Whenever a line contains "unfolding", include it in the count; reply with the number of such lines in the data and nothing else.

[Stored data]
┌──
(* Let $Q$ be a locally point symmetric convex polytope in $\mathbb{R}^D$, and let $\mathbf{k} \in Q-Q$. The following statements are equivalent: (i) $Q\cap (Q-\mathbf{k})$ consists of a single point, i.e., $\mathbf{k}$ is a uniquely formed difference in $Q-Q$; (ii) $\mathbf{k}$ is a vertex of the polytope $Q-Q$; (iii) $\mathbf{k} = \mathbf{u}-\mathbf{v}$ for some strictly antipodal vertices $\mathbf{u}$ and $\mathbf{v}$ of $Q$.
   Context: $Q-Q=\{\mathbf{x}-\mathbf{y}:\mathbf{x},\mathbf{y}\in Q\}$ and $Q-\mathbf{k}=\{\mathbf{x}-\mathbf{k}:\mathbf{x}\in Q\}$. A vector $\mathbf{k}\in Q-Q$ is uniquely formed if there is a unique pair $\mathbf{s}_1,\mathbf{s}_2\in Q$ with $\mathbf{s}_1-\mathbf{s}_2=\mathbf{k}$. Two vertices $\mathbf{u},\mathbf{v}$ of a convex polytope $Q$ are strictly antipodal if there exist parallel supporting hyperplanes $H_1,H_2$ of $Q$ with $H_1\cap Q=\{\mathbf{u}\}$ and $H_2 \cap Q = \{\mathbf{v}\}$. The supporting cone of $Q$ at a vertex $\mathbf{v}$ is $C(\mathbf{v}) = \mathbf{v} + \bigcup_{\lambda \ge 0}\lambda(Q - \mathbf{v})$. A convex polytope $Q$ with $m$ vertices is locally point symmetric if its vertices can be partitioned into $m/2$ pairs of strictly antipodal vertices such that for each pair $\{\mathbf{u},\mathbf{v}\}$, $C(\mathbf{u}) - \mathbf{u} = \mathbf{v} - C(\mathbf{v})$. *)

theory Defs
  imports "HOL-Analysis.Analysis" "HOL-Library.Disjoint_Sets"
begin

definition diff_set :: "'a::real_vector set \<Rightarrow> 'a set" where
  "diff_set Q = {x - y | x y. x \<in> Q \<and> y \<in> Q}"

definition translate_neg :: "'a::real_vector set \<Rightarrow> 'a \<Rightarrow> 'a set" where
  "translate_neg Q k = {x - k | x. x \<in> Q}"

definition vertices :: "'a::real_vector set \<Rightarrow> 'a set" where
  "vertices Q = {v. v extreme_point_of Q}"

definition uniquely_formed :: "'a::real_vector set \<Rightarrow> 'a \<Rightarrow> bool" where
  "uniquely_formed Q k \<longleftrightarrow> (\<exists>!p. fst p \<in> Q \<and> snd p \<in> Q \<and> fst p - snd p = k)"

definition supp_hyperplane :: "'a::euclidean_space set \<Rightarrow> 'a \<Rightarrow> real \<Rightarrow> bool" where
  "supp_hyperplane Q a b \<longleftrightarrow> a \<noteq> 0 \<and> (\<forall>x\<in>Q. a \<bullet> x \<le> b) \<and> (\<exists>x\<in>Q. a \<bullet> x = b)"

text \<open>Strictly antipodal vertices: parallel supporting hyperplanes H1 = {a.x = b1},
  H2 = {(-a).x = b2} (Q lies between them) with H1 \<inter> Q = {u}, H2 \<inter> Q = {v}.\<close>
definition strictly_antipodal :: "'a::euclidean_space set \<Rightarrow> 'a \<Rightarrow> 'a \<Rightarrow> bool" where
  "strictly_antipodal Q u v \<longleftrightarrow>
     u \<in> vertices Q \<and> v \<in> vertices Q \<and>
     (\<exists>a b1 b2. supp_hyperplane Q a b1 \<and> supp_hyperplane Q (- a) b2 \<and>
        {x. a \<bullet> x = b1} \<inter> Q = {u} \<and> {x. (- a) \<bullet> x = b2} \<inter> Q = {v})"

definition supp_cone :: "'a::real_vector set \<Rightarrow> 'a \<Rightarrow> 'a set" where
  "supp_cone Q v = {v + c *\<^sub>R (x - v) | c x. c \<ge> 0 \<and> x \<in> Q}"

definition locally_point_symmetric :: "'a::euclidean_space set \<Rightarrow> bool" where
  "locally_point_symmetric Q \<longleftrightarrow> polytope Q \<and>
     (\<exists>P. partition_on (vertices Q) P \<and>
        (\<forall>p\<in>P. \<exists>u v. p = {u, v} \<and> u \<noteq> v \<and> strictly_antipodal Q u v \<and>
           {c - u | c. c \<in> supp_cone Q u} = {v - c | c. c \<in> supp_cone Q v}))"

end

theory Submission
  imports Defs
begin

text \<open>
  If \<open>Q \<inter> (Q - k) = {x}\<close>, then no nonzero direction can be followed a small positive distance
  inside \<open>Q\<close> both from \<open>x\<close> and from \<open>x + k\<close>, since otherwise the intersection would grow.
  Every point of a polytope can be pushed a little away from some vertex; say \<open>x\<close> away from \<open>w\<close>
  and \<open>x + k\<close> away from \<open>u\<close>. Then every direction \<open>y - w\<close> (\<open>y \<in> Q\<close>) is available at \<open>x\<close> and every
  \<open>y - u\<close> at \<open>x + k\<close>. Local point symmetry reflects the cone at \<open>w\<close> onto the cone at its antipode
  \<open>w'\<close>, so every direction \<open>w' - y\<close> is available at \<open>x\<close> as well. Comparing directions forces
  \<open>u = w'\<close>, \<open>x + k = w'\<close> and \<open>x = w\<close>, i.e. \<open>k = w' - w\<close>. Conversely, the functional separating
  a strictly antipodal pair \<open>u, v\<close> is maximised on \<open>Q - Q\<close> only at \<open>u - v\<close>, and an extreme point
  \<open>k\<close> of \<open>Q - Q\<close> cannot be the midpoint of two distinct differences \<open>(y + k) - y'\<close>, \<open>(y' + k) - y\<close>.
\<close>

lemma mem_translate_neg [simp]: "y \<in> translate_neg Q k \<longleftrightarrow> y + k \<in> Q"
  unfolding translate_neg_def by (auto intro!: exI[of _ "y + k"])

lemma mem_diff_set: "z \<in> diff_set Q \<longleftrightarrow> (\<exists>x\<in>Q. \<exists>y\<in>Q. z = x - y)"
  unfolding diff_set_def by auto

lemma convex_diff_set: "convex Q \<Longrightarrow> convex (diff_set Q)"
proof -
  assume "convex Q"
  moreover have "diff_set Q = (\<Union>x\<in>Q. \<Union>y\<in>Q. {x - y})"
    unfolding diff_set_def by blast
  ultimately show ?thesis
    by (simp add: convex_differences)
qed

lemma polytope_eq_convex_hull_vertices:
  fixes Q :: "'a::euclidean_space set"
  assumes "polytope Q"
  shows "finite (vertices Q)" "Q = convex hull (vertices Q)"
proof -
  obtain S where "finite S" "Q = convex hull S"
    using assms unfolding polytope_def by blast
  then show "Q = convex hull (vertices Q)"
    unfolding vertices_def using Krein_Milman_polytope by blast
  show "finite (vertices Q)"
    unfolding vertices_def by (rule finite_polyhedron_extreme_points[OF polytope_imp_polyhedron[OF assms]])
qed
└──
## Expected answer
6